Posts: 56
Threads: 23
Joined: Jul 2021
Aug-19-2021, 01:03 PM
(This post was last modified: Jun-24-2022, 10:15 AM by AlphaInc.)
Hello everybody,
With a batch-script I export mutliple text-files to a specific folder where I want to merge them into one.
Therefore I used the type-command in windows cmd which worked fine. But after comparing the files I noticed that the order is wrong. I found out the CMD sorts them differently (file_1,file_10,file_11,file_2,file_3,file_33) instead of how I'm doing it (file_1,file_2,file_3,file_10,file_11,file_33).
Now I would like to use a Python Script do merge them together in the way I would sort them (file_1,file_2,file_3,file_10,file_11,file_33).
This is what I have so far but I don't know how to go on:
#!/usr/bin/env python3
import os
import re
folder_path = "../Outputs/"
for root, dirs, files in os.walk(folder_path, topdown = False):
for name in files:
if name.endswith(".txt"):
file_name = os.path.join(root, name) Edit: All my files start with string "file_" and an ongoing number.

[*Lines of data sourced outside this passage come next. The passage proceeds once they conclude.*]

text \<open>Write x = p, S = \<surd>p and T = \<surd>(1 - p), so that S^2 = x and T^2 = 1 - x.
  Every amplitude of a reachable state is a polynomial expression in x, S, T which is
  homogeneous in the parity of its total degree in (S, T): the coin contributes odd
  amplitudes, constants even ones, tensor products multiply parities, and unitaries and
  measurements only take linear combinations of amplitudes of one state.  After
  multiplying an odd amplitude by T, the two output amplitudes are even, i.e. of the form
  a + d S T with a, d polynomials in x, and their quotient is rationalised with the
  conjugate a' - d' S T.  Since S T = (1 - x) \<surd>(x/(1 - x)), this puts k0/k1 into
  \<complex>(x)(\<surd>(x/(1 - x))).  The norm a'^2 - d'^2 x (1 - x) cannot vanish identically,
  because x (1 - x) has a simple zero at 0 and so is not a square of rational functions.

  Conversely, the ratios v0/v1 realisable by one-qubit outputs contain the constants and
  S/T, and are closed under products, sums and inverses: a CNOT followed by post-selection
  multiplies ratios, a two-qubit unitary producing (|01\<rangle> + |10\<rangle>)/\<surd>2 adds them, and
  a bit flip inverts them.  As 1/(1 - x) = 1 + (S/T)^2, this yields x, hence all
  polynomials, their inverses and finally every element of \<complex>(x)(\<surd>(x/(1 - x))).\<close>

subsection \<open>Polynomial expressions in \<open>p\<close>, \<open>\<surd>p\<close> and \<open>\<surd>(1 - p)\<close>\<close>

definition coin_expr ::
    "complex poly \<Rightarrow> complex poly \<Rightarrow> complex poly \<Rightarrow> complex poly \<Rightarrow> real \<Rightarrow> complex" where
  "coin_expr A B C D p =
     poly A (of_real p) + poly B (of_real p) * of_real (sqrt p)
     + poly C (of_real p) * of_real (sqrt (1 - p))
     + poly D (of_real p) * of_real (sqrt p) * of_real (sqrt (1 - p))"

lemma mult_sqrt_expr:
  fixes a b c d a' b' c' d' S T :: "'a::comm_ring"
  shows "(a + b*S + c*T + d*S*T) * (a' + b'*S + c'*T + d'*S*T) =
    (a*a' + b*b'*(S*S) + c*c'*(T*T) + d*d'*(S*S)*(T*T))
    + (a*b' + b*a' + (c*d' + d*c')*(T*T)) * S
    + (a*c' + c*a' + (b*d' + d*b')*(S*S)) * T
    + (a*d' + d*a' + b*c' + c*b') * S * T"
  by (simp add: algebra_simps)
(* Let $G(\mathcal V,\mathcal E)$ be a finite simple directed graph and $f\ge 0$ an integer. Suppose that for every partition $A,B,F$ of $\mathcal V$ with $A,B$ non-empty and $|F|\le f$, either $A \Rightarrow_{\mathcal V - F} B$ or $B \Rightarrow_{\mathcal V - F} A$. Then for every partition $L,C,R,F$ of $\mathcal V$ (with $C$ or $F$ possibly empty) such that $L,R$ are non-empty and $|F|\le f$, either $L\cup C\rightarrow R$ or $R\cup C\rightarrow L$.
   Context: For disjoint sets $X,Y\subseteq\mathcal V$ with $Y$ non-empty, $X\rightarrow Y$ means that $X$ contains at least $f+1$ distinct nodes $i$ such that $(i,j)\in\mathcal E$ for some $j\in Y$. An $(X,y)$-path is a directed path from some node of $X$ to the node $y\notin X$; it excludes $F$ if it contains no node of $F$; $(X,y)$-paths are disjoint if they pairwise share only $y$. For pairwise disjoint $X,Y,F$ with $|F|\le f$, $X \Rightarrow_{\mathcal V - F} Y$ means: $Y=\emptyset$, or every $y\in Y$ has at least $f+1$ pairwise disjoint $(X,y)$-paths excluding $F$. *)

theory Defs
  imports Main
begin

definition simple_digraph :: "'a set \<Rightarrow> ('a \<times> 'a) set \<Rightarrow> bool" where
  "simple_digraph V E \<longleftrightarrow> finite V \<and> E \<subseteq> V \<times> V \<and> (\<forall>v. (v, v) \<notin> E)"

definition reach_arrow :: "('a \<times> 'a) set \<Rightarrow> nat \<Rightarrow> 'a set \<Rightarrow> 'a set \<Rightarrow> bool" where
  "reach_arrow E f X Y \<longleftrightarrow> card {i \<in> X. \<exists>j \<in> Y. (i, j) \<in> E} \<ge> f + 1"

definition dpath :: "('a \<times> 'a) set \<Rightarrow> 'a list \<Rightarrow> bool" where
  "dpath E p \<longleftrightarrow> p \<noteq> [] \<and> distinct p \<and> (\<forall>i. Suc i < length p \<longrightarrow> (p ! i, p ! Suc i) \<in> E)"

definition Xy_path :: "('a \<times> 'a) set \<Rightarrow> 'a set \<Rightarrow> 'a \<Rightarrow> 'a list \<Rightarrow> bool" where
  "Xy_path E X y p \<longleftrightarrow> dpath E p \<and> hd p \<in> X \<and> last p = y"

definition reduced_arrow :: "('a \<times> 'a) set \<Rightarrow> nat \<Rightarrow> 'a set \<Rightarrow> 'a set \<Rightarrow> 'a set \<Rightarrow> bool" where
  "reduced_arrow E f F X Y \<longleftrightarrow> Y = {} \<or>
     (\<forall>y \<in> Y. \<exists>P. finite P \<and> card P \<ge> f + 1 \<and>
        (\<forall>p \<in> P. Xy_path E X y p \<and> set p \<inter> F = {}) \<and>
        (\<forall>p \<in> P. \<forall>q \<in> P. p \<noteq> q \<longrightarrow> set p \<inter> set q = {y}))"

end

theory Submission
  imports Defs
begin

text \<open>Apply the hypothesis to the partition \<open>L\<close>, \<open>C \<union> R\<close>, \<open>F\<close>. If \<open>L\<close> reaches the other side,
  pick \<open>y \<in> R\<close>: each of the \<open>f + 1\<close> disjoint \<open>(L, y)\<close>-paths avoiding \<open>F\<close> enters \<open>R\<close> along an
  edge from a vertex of \<open>L \<union> C\<close>. That vertex lies outside \<open>R\<close>, so it is not the common endpoint
  \<open>y\<close>, and disjointness makes the \<open>f + 1\<close> vertices distinct; hence \<open>L \<union> C \<rightarrow> R\<close>. The other
  direction gives \<open>R \<union> C \<rightarrow> L\<close> with \<open>y \<in> L\<close> in the same way.\<close>

lemma dpath_crosses_into:
  assumes "dpath E p" "hd p \<notin> T" "last p \<in> T"
  obtains k where "Suc k < length p" "p ! k \<notin> T" "p ! Suc k \<in> T" "(p ! k, p ! Suc k) \<in> E"
proof -
  have p: "p \<noteq> []" "\<forall>i. Suc i < length p \<longrightarrow> (p ! i, p ! Suc i) \<in> E"
    using assms(1) by (auto simp: dpath_def)
  define m where "m = (LEAST i. i < length p \<and> p ! i \<in> T)"
  have "length p - 1 < length p \<and> p ! (length p - 1) \<in> T"
    using p(1) assms(3) by (simp add: last_conv_nth)
  then have m: "m < length p" "p ! m \<in> T"
    unfolding m_def by (metis (mono_tags, lifting) LeastI)+
  have "m \<noteq> 0"
    using m(2) assms(2) p(1) by (metis hd_conv_nth)
  then obtain k where k: "m = Suc k" by (cases m) auto
  have "p ! k \<notin> T"
    using not_less_Least[of k "\<lambda>i. i < length p \<and> p ! i \<in> T"] m(1) k by (simp add: m_def)
  then show thesis
    using that m k p(2) by auto
qed

lemma Xy_path_exit_vertex:
  assumes "Xy_path E X y p" "X \<inter> T = {}" "y \<in> T"
  obtains i where "i \<in> set p" "i \<notin> T" "\<exists>j\<in>T. (i, j) \<in> E"
proof -
  have "dpath E p" "hd p \<notin> T" "last p \<in> T"
    using assms by (auto simp: Xy_path_def)
  then obtain k where "Suc k < length p" "p ! k \<notin> T" "p ! Suc k \<in> T" "(p ! k, p ! Suc k) \<in> E"
    by (rule dpath_crosses_into)
  then show thesis
    using that[of "p ! k"] by auto
qed

lemma reduced_arrowD:
  assumes "reduced_arrow E f F X Y" "y \<in> Y"
  shows "\<exists>P. finite P \<and> f + 1 \<le> card P \<and>
           (\<forall>p\<in>P. Xy_path E X y p \<and> set p \<inter> F = {}) \<and>
           (\<forall>p\<in>P. \<forall>q\<in>P. p \<noteq> q \<longrightarrow> set p \<inter> set q = {y})"
proof -
  have "Y \<noteq> {}" using assms(2) by blast
  then show ?thesis
    using assms unfolding reduced_arrow_def by simp
qed

lemma reach_arrow_from_reduced_arrow:
  assumes V: "finite V" "E \<subseteq> V \<times> V"
    and arrow: "reduced_arrow E f F X Y" and y: "y \<in> Y" "y \<in> T" and "X \<inter> T = {}"
  shows "reach_arrow E f (V - F - T) T"
proof -
  obtain P where P: "finite P" "f + 1 \<le> card P"
    "\<forall>p\<in>P. Xy_path E X y p \<and> set p \<inter> F = {}"
    "\<forall>p\<in>P. \<forall>q\<in>P. p \<noteq> q \<longrightarrow> set p \<inter> set q = {y}"
    using reduced_arrowD[OF arrow y(1)] by (elim exE conjE)
  have "\<forall>p\<in>P. \<exists>i. i \<in> set p \<and> i \<notin> T \<and> (\<exists>j\<in>T. (i, j) \<in> E)"
  proof
    fix p assume "p \<in> P"
    then have "Xy_path E X y p" using P(3) by simp
    then obtain i where "i \<in> set p" "i \<notin> T" "\<exists>j\<in>T. (i, j) \<in> E"
      using \<open>X \<inter> T = {}\<close> y(2) by (rule Xy_path_exit_vertex)
    then show "\<exists>i. i \<in> set p \<and> i \<notin> T \<and> (\<exists>j\<in>T. (i, j) \<in> E)" by blast
  qed
  from bchoice[OF this] obtain g
    where g: "\<forall>p\<in>P. g p \<in> set p \<and> g p \<notin> T \<and> (\<exists>j\<in>T. (g p, j) \<in> E)"
    by blast
  let ?S = "{i \<in> V - F - T. \<exists>j\<in>T. (i, j) \<in> E}"
  have sub: "g ` P \<subseteq> ?S"
  proof
    fix x assume "x \<in> g ` P"
    then obtain p where p: "p \<in> P" "x = g p" by blast
    then obtain j where "j \<in> T" "(g p, j) \<in> E" using g by blast
    then have "g p \<in> V" using V(2) by blast
    moreover have "g p \<notin> F" using g P(3) p(1) by blast
    ultimately show "x \<in> ?S" using g p \<open>j \<in> T\<close> \<open>(g p, j) \<in> E\<close> by blast
  qed
  have inj: "inj_on g P"
  proof (rule inj_onI, rule ccontr)
    fix p q assume pq: "p \<in> P" "q \<in> P" "g p = g q" "p \<noteq> q"
    then have "g p \<in> set p \<inter> set q" using g by (metis IntI)
    also have "set p \<inter> set q = {y}" using P(4) pq by blast
    finally have "g p \<in> T" using y(2) by simp
    then show False using g pq(1) by blast
  qed
  have "card P = card (g ` P)" using inj by (simp add: card_image)
  also have "\<dots> \<le> card ?S" using sub V(1) by (simp add: card_mono)
  finally have "card P \<le> card ?S" .
  then show ?thesis
    using P(2) by (simp add: reach_arrow_def)
qed

theorem lemma7:
  fixes V :: "'a set" and E :: "('a \<times> 'a) set" and f :: nat
  assumes "simple_digraph V E"
    and "\<And>A B F. A \<union> B \<union> F = V \<Longrightarrow> A \<inter> B = {} \<Longrightarrow> A \<inter> F = {} \<Longrightarrow> B \<inter> F = {} \<Longrightarrow>
           A \<noteq> {} \<Longrightarrow> B \<noteq> {} \<Longrightarrow> card F \<le> f \<Longrightarrow>
           reduced_arrow E f F A B \<or> reduced_arrow E f F B A"
  shows "\<And>L C R F. L \<union> C \<union> R \<union> F = V \<Longrightarrow>
           L \<inter> C = {} \<Longrightarrow> L \<inter> R = {} \<Longrightarrow> L \<inter> F = {} \<Longrightarrow>
           C \<inter> R = {} \<Longrightarrow> C \<inter> F = {} \<Longrightarrow> R \<inter> F = {} \<Longrightarrow>
           L \<noteq> {} \<Longrightarrow> R \<noteq> {} \<Longrightarrow> card F \<le> f \<Longrightarrow>
           reach_arrow E f (L \<union> C) R \<or> reach_arrow E f (R \<union> C) L"
proof -
  fix L C R F
  assume h: "L \<union> C \<union> R \<union> F = V" "L \<inter> C = {}" "L \<inter> R = {}" "L \<inter> F = {}"
    "C \<inter> R = {}" "C \<inter> F = {}" "R \<inter> F = {}" "L \<noteq> {}" "R \<noteq> {}" "card F \<le> f"
  have V: "finite V" "E \<subseteq> V \<times> V"
    using assms(1) by (auto simp: simple_digraph_def)
  obtain l r where "l \<in> L" "r \<in> R"
    using h by blast
  have "reduced_arrow E f F L (C \<union> R) \<or> reduced_arrow E f F (C \<union> R) L"
    by (rule assms(2)) (use h in blast)+
  then show "reach_arrow E f (L \<union> C) R \<or> reach_arrow E f (R \<union> C) L"
  proof
    assume "reduced_arrow E f F L (C \<union> R)"
    from reach_arrow_from_reduced_arrow[OF V this, of r R] \<open>r \<in> R\<close> h
    have "reach_arrow E f (V - F - R) R" by blast
    moreover have "V - F - R = L \<union> C" using h by blast
    ultimately show ?thesis by simp
  next
    assume "reduced_arrow E f F (C \<union> R) L"
    from reach_arrow_from_reduced_arrow[OF V this, of l L] \<open>l \<in> L\<close> h
    have "reach_arrow E f (V - F - L) L" by blast
    moreover have "V - F - L = R \<union> C" using h by blast
    ultimately show ?thesis by simp
  qed
qed

end
lemma projected_step_estimate:
  assumes z: "z \<in> Zs n s" and \<kappa>: "0 < \<kappa>" "\<kappa> * lip \<le> 1"
    and \<alpha>': "\<forall>i<k. \<alpha>' i = \<alpha> i + \<kappa> * grad_a z \<alpha> \<beta> i"
    and \<beta>': "\<forall>i<m. \<beta>' i = max 0 (\<beta> i + \<kappa> * grad_b z \<alpha> \<beta> i)"
    and y: "\<forall>i<m. 0 \<le> yb i"
  shows "sqdist \<alpha>' \<beta>' ya yb \<le> sqdist \<alpha> \<beta> ya yb - 2 * \<kappa> * (L z ya yb - L z \<alpha> \<beta>)
           + 2 * \<kappa>\<^sup>2 * grad_sqnorm z ya yb"
proof -
  define Q where "Q = curv z \<alpha> \<beta> ya yb"
  have Q_nonneg: "0 \<le> Q" unfolding Q_def by (rule curv_nonneg[OF z])
  have "sqdist \<alpha>' \<beta>' ya yb \<le> sqnorm (\<lambda>i. (\<alpha> i - ya i) + \<kappa> * grad_a z \<alpha> \<beta> i)
      (\<lambda>i. (\<beta> i - yb i) + \<kappa> * grad_b z \<alpha> \<beta> i)"
    unfolding sqnorm_def
  proof (intro add_mono sum_mono)
    fix i assume "i \<in> {..<m}"
    then show "(\<beta>' i - yb i)\<^sup>2 \<le> (\<beta> i - yb i + \<kappa> * grad_b z \<alpha> \<beta> i)\<^sup>2"
      using \<beta>' y max0_dist_le[of "yb i" "\<beta> i + \<kappa> * grad_b z \<alpha> \<beta> i"] by (simp add: algebra_simps)
  qed (simp add: \<alpha>' algebra_simps)
  also have "\<dots> = sqdist \<alpha> \<beta> ya yb
      + 2 * \<kappa> * inner_pair (grad_a z \<alpha> \<beta>) (grad_b z \<alpha> \<beta>) (\<lambda>i. \<alpha> i - ya i) (\<lambda>i. \<beta> i - yb i)
      + \<kappa>\<^sup>2 * grad_sqnorm z \<alpha> \<beta>"
    by (rule sqnorm_add_scaled)
  finally have step: "sqdist \<alpha>' \<beta>' ya yb \<le> sqdist \<alpha> \<beta> ya yb
      + 2 * \<kappa> * inner_pair (grad_a z \<alpha> \<beta>) (grad_b z \<alpha> \<beta>) (\<lambda>i. \<alpha> i - ya i) (\<lambda>i. \<beta> i - yb i)
      + \<kappa>\<^sup>2 * grad_sqnorm z \<alpha> \<beta>" .
  have inner: "inner_pair (grad_a z \<alpha> \<beta>) (grad_b z \<alpha> \<beta>) (\<lambda>i. \<alpha> i - ya i) (\<lambda>i. \<beta> i - yb i)
      = L z \<alpha> \<beta> - L z ya yb - Q"
    using L_taylor[of z ya yb \<alpha> \<beta>] unfolding Q_def inner_pair_def
    by (simp add: sum_negf[symmetric] algebra_simps)
  have "\<kappa>\<^sup>2 * grad_sqnorm z \<alpha> \<beta> \<le> \<kappa>\<^sup>2 * (2 * lip * Q + 2 * grad_sqnorm z ya yb)"
    unfolding Q_def by (intro mult_left_mono grad_sqnorm_le[OF z]) auto
  \<comment> \<open>The curvature gain of the step pays for the gradient mismatch between the iterate and y.\<close>
  moreover have "\<kappa>\<^sup>2 * (2 * lip * Q) \<le> 2 * \<kappa> * Q"
    using mult_left_mono[OF \<kappa>(2), of "2 * \<kappa> * Q"] \<kappa>(1) Q_nonneg
    by (simp add: power2_eq_square mult_ac)
  ultimately show ?thesis using step unfolding inner by (simp add: algebra_simps)
qed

It differs how many files there will be after I exported them so I can't set it up manually.
Posts: 4,802
Threads: 77
Joined: Jan 2018
Why are you calling os.walk() if you want to merge the files only in one folder?
Posts: 2,128
Threads: 11
Joined: May 2017
#!/usr/bin/env python3
from pathlib import Path
def sort_by_int(path):
# Path has the stem attribute, which is
# the filename without the last extension
# to sort the paths by integer, you
# need to get the integer part of the str
# and convert it to an integer
# the _ is the character where you can split
# maxsplit=1 does only split once,
# so you get two elements back
# if the _ is missing, split will raise an Exception
return int(path.stem.split("_", maxsplit=1)[1])
# Use the high level Path object
outputs = Path.home() / "Outputs"
# print(outputs)
# Path: /home/username/Outputs
# use glob for easier search
# rglob is to search recursive
# glob and rglob replicates the shell-syntax
# the wildcard is one * and a ? stands for one character
search = "file_*.txt"
# sorted takes a key argument, which is used to define how it's sorted
# sort_by_int just returns an int and the sorted function
# is using this number to sort
sorted_outputs = sorted(outputs.glob(search), key=sort_by_int)
# the result is a list
# sorted consumes the iterable object and returns a list
# with the sorted elements
# now using this sorted list with Path objects
for path in sorted_outputs:
# glob does not differe between files, directories or other
# elements
# so you need to check, if path is a file
if path.is_file():
# if it's a file, then open it
# the Path onject do have the method open
# it supports like the open function a context manager
with path.open() as fd:
# iterating this file line by line
# where the line end is not stripped away
for line in fd:
# print the line, but tell print not to add an additional
# line end, because the line has already a line end
print(line, end="")
# you can use the stdout to redirect the output
# in your shell to a file for example or netcat
# or gzip etc... Relevant documentation:
Using the program (I named it randomly searchp.py):
Output: [andre@andre-Fujitsu-i5 ~]$ python3 searchp.py | gzip > output.txt.gz
[andre@andre-Fujitsu-i5 ~]$ zcat output.txt.gz
666
123
000
I created the Outputs directory in my home directory and put 3 files in, where each file had only one line with a newline character at the end.
Posts: 6,817
Threads: 20
Joined: Feb 2020
If you have control of the file names the easiest solution is to generate file names that can be sorted properly: file_000, file_001, file_010. file_100
Posts: 56
Threads: 23
Joined: Jul 2021
(Aug-19-2021, 02:08 PM)DeaD_EyE Wrote: #!/usr/bin/env python3
from pathlib import Path
def sort_by_int(path):
# Path has the stem attribute, which is
# the filename without the last extension
# to sort the paths by integer, you
# need to get the integer part of the str
# and convert it to an integer
# the _ is the character where you can split
# maxsplit=1 does only split once,
# so you get two elements back
# if the _ is missing, split will raise an Exception
return int(path.stem.split("_", maxsplit=1)[1])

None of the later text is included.